_EXERCISE DESCRIPTION_. In the data below, find every line that has the string "MNProp", and copy it.

_DATA UNDER STUDY_.
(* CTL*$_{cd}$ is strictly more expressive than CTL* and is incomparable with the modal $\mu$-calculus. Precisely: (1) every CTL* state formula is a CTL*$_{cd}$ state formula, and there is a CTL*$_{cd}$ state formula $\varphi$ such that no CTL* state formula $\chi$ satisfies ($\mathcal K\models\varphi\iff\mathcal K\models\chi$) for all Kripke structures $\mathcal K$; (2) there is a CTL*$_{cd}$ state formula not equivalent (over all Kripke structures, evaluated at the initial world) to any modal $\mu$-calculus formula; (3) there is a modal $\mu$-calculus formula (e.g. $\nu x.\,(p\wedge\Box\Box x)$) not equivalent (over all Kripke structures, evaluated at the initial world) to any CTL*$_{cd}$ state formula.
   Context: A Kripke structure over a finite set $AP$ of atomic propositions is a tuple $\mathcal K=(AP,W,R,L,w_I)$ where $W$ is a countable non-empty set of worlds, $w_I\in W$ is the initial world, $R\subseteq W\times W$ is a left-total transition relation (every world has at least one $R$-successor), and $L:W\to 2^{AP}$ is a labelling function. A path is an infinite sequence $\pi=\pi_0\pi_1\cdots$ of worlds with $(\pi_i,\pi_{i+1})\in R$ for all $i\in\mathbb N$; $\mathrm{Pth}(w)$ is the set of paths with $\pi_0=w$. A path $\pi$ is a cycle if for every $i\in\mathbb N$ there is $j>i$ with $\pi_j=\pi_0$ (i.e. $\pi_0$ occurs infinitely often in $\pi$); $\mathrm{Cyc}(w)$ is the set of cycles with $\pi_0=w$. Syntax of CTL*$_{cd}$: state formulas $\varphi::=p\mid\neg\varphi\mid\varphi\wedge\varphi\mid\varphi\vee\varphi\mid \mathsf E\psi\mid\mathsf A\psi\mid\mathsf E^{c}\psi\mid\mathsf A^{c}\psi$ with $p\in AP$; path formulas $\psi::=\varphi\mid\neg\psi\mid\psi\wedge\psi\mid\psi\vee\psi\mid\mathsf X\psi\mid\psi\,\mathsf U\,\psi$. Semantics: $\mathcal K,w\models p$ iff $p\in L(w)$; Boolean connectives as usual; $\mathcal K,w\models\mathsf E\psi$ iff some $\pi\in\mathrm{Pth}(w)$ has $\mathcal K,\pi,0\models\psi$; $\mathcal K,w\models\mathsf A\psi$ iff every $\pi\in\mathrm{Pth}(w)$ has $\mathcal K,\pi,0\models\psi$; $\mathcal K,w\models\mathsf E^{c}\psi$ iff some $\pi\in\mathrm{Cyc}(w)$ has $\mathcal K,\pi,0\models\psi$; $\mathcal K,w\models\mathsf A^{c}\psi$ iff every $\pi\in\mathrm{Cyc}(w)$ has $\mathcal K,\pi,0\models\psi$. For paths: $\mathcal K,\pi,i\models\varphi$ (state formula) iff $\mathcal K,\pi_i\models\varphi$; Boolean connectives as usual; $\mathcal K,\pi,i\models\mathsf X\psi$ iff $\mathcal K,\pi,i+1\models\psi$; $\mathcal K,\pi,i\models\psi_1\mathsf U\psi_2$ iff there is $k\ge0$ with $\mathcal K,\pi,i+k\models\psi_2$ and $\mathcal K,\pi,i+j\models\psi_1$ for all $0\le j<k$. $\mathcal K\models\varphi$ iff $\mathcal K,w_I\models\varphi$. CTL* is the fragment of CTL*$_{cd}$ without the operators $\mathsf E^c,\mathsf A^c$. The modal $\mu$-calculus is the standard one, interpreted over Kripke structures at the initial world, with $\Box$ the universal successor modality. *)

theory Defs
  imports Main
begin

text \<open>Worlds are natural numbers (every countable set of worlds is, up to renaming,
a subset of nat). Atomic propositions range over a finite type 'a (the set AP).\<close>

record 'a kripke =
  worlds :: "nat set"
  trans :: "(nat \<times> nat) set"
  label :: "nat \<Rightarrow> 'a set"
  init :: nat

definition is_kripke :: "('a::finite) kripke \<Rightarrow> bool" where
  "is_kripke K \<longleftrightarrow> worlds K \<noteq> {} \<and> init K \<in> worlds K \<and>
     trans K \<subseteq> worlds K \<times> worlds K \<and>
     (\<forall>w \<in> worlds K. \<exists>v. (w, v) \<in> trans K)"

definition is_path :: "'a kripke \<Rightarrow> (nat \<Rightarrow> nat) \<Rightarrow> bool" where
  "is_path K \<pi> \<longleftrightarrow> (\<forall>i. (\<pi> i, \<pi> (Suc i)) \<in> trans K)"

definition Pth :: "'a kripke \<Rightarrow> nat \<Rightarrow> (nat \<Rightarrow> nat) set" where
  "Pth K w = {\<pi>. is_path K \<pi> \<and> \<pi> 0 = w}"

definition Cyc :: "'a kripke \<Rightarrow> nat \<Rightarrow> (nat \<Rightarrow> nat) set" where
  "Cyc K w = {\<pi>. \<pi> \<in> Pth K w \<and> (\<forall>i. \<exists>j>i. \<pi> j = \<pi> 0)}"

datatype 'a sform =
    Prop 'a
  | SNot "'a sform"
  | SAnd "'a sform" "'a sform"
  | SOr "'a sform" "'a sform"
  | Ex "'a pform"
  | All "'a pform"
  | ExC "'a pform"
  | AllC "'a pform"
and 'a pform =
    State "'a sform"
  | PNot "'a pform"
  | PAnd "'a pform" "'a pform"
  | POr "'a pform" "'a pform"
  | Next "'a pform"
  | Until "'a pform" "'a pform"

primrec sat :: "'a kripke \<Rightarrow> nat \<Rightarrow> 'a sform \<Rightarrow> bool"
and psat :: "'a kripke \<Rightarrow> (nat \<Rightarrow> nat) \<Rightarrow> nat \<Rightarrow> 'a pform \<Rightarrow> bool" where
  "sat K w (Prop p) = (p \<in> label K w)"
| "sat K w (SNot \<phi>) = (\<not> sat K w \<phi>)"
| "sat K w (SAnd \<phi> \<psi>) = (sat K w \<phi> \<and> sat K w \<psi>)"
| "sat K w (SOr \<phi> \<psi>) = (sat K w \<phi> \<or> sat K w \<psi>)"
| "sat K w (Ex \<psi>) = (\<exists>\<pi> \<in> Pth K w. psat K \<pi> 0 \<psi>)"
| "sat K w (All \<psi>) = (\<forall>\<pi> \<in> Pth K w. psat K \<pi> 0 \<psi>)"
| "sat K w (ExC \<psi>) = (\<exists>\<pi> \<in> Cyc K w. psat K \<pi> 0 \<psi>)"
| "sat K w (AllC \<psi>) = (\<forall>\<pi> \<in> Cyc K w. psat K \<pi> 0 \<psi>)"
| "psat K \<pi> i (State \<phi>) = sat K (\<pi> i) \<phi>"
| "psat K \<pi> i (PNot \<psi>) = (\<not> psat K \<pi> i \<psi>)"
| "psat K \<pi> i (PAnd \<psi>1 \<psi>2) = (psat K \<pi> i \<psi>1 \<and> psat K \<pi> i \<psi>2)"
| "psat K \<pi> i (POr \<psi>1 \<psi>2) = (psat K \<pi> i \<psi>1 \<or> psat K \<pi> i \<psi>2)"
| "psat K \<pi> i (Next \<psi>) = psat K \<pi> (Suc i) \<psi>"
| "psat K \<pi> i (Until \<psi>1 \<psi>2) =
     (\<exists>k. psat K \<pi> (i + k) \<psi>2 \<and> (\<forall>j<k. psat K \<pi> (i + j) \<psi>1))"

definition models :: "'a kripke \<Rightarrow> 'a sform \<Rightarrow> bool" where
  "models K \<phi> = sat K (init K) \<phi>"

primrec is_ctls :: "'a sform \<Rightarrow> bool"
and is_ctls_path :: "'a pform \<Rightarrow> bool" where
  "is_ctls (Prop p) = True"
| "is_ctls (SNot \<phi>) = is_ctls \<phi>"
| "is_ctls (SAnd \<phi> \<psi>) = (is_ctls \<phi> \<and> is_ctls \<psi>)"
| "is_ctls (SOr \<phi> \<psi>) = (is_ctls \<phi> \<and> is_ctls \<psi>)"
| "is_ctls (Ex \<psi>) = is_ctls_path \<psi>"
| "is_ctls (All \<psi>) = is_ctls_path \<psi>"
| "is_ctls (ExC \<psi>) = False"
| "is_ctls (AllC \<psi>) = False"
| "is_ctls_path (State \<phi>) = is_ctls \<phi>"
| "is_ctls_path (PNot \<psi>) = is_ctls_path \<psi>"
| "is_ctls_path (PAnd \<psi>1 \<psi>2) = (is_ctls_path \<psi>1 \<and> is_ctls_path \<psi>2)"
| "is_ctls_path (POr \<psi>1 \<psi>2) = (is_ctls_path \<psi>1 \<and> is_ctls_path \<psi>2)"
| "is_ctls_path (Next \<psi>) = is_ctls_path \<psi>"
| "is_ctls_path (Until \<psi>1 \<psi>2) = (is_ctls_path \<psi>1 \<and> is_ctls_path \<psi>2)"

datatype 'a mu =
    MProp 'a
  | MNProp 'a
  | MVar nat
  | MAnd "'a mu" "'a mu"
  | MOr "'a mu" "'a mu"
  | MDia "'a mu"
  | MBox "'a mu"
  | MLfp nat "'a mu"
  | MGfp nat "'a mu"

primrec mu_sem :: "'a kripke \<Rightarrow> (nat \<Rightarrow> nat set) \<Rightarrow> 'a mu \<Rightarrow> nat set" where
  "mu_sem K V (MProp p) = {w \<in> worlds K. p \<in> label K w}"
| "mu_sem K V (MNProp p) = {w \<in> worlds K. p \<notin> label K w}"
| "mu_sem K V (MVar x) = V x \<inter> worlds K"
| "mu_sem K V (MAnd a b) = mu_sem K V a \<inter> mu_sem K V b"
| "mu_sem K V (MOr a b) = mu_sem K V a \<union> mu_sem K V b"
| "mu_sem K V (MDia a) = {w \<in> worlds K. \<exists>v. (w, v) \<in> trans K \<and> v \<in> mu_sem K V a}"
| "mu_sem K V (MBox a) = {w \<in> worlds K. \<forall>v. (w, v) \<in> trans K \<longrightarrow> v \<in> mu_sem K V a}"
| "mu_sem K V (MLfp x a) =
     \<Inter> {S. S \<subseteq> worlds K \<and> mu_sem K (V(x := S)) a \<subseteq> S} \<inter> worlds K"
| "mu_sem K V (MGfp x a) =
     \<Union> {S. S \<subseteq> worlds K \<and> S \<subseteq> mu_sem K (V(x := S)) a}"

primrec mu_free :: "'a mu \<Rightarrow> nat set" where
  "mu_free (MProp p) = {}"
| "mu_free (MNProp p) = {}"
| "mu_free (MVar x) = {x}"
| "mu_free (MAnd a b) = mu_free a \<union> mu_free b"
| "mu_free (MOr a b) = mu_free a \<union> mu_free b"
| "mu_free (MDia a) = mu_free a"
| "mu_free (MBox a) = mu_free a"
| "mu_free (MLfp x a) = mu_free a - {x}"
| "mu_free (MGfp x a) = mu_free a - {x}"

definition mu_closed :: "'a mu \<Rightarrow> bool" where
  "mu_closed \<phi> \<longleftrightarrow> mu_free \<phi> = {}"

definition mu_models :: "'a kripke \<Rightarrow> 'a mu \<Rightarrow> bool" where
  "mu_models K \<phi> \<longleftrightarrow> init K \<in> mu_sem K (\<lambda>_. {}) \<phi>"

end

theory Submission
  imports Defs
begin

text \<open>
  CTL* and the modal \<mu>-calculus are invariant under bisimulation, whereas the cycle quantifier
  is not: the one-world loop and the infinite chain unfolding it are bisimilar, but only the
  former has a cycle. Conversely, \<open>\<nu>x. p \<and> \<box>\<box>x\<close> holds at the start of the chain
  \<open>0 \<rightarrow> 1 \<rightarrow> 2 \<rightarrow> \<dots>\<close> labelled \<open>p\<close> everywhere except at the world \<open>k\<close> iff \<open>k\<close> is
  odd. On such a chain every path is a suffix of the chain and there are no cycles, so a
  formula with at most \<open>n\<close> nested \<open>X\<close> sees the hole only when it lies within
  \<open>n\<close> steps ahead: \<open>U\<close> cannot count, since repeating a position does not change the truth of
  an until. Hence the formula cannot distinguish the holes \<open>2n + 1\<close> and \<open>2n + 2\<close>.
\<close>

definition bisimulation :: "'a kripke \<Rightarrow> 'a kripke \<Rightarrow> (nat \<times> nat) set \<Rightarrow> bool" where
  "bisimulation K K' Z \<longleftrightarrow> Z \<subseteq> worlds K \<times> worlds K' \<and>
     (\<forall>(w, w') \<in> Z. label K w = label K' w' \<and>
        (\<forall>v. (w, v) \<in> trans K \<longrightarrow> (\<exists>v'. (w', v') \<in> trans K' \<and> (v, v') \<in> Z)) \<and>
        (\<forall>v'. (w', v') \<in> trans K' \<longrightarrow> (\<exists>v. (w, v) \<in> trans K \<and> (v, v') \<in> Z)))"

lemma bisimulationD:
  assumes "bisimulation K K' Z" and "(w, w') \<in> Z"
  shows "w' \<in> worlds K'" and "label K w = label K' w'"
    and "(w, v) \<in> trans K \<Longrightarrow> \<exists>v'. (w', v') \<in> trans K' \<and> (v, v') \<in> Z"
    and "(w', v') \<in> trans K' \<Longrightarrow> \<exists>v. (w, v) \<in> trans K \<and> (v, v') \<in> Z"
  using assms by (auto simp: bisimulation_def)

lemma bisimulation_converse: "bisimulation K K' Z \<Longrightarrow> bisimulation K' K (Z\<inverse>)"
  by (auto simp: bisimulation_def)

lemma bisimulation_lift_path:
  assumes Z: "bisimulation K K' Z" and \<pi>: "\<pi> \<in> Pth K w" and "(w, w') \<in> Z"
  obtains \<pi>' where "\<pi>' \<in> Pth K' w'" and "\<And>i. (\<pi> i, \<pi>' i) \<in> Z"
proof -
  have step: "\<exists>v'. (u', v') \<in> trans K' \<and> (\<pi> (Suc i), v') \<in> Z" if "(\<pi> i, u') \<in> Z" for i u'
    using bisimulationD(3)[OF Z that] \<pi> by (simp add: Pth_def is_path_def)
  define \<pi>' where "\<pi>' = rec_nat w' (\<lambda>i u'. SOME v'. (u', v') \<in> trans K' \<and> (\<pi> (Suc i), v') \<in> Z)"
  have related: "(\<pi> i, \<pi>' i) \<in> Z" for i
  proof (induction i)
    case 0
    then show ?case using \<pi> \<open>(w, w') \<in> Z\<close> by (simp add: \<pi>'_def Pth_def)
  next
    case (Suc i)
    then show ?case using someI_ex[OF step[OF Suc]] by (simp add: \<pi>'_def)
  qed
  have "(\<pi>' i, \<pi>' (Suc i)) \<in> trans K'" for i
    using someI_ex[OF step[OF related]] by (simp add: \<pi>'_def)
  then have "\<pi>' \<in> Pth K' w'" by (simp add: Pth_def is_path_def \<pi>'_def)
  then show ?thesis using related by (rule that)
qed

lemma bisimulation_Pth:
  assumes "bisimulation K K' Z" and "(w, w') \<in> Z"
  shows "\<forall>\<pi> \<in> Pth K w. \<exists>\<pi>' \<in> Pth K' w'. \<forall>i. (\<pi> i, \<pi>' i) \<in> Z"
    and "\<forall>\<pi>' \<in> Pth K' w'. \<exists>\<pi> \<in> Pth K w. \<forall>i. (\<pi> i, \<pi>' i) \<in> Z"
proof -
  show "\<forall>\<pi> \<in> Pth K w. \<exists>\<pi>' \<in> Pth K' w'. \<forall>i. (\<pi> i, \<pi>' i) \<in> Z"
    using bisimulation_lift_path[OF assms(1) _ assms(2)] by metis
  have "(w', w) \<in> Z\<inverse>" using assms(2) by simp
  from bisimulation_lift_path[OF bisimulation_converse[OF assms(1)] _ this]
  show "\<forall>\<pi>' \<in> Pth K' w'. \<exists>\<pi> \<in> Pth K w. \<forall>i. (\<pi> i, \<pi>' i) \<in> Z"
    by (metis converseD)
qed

_RESPONSE TO THE EXERCISE_.
  | MNProp 'a
| "mu_sem K V (MNProp p) = {w \<in> worlds K. p \<notin> label K w}"
| "mu_free (MNProp p) = {}"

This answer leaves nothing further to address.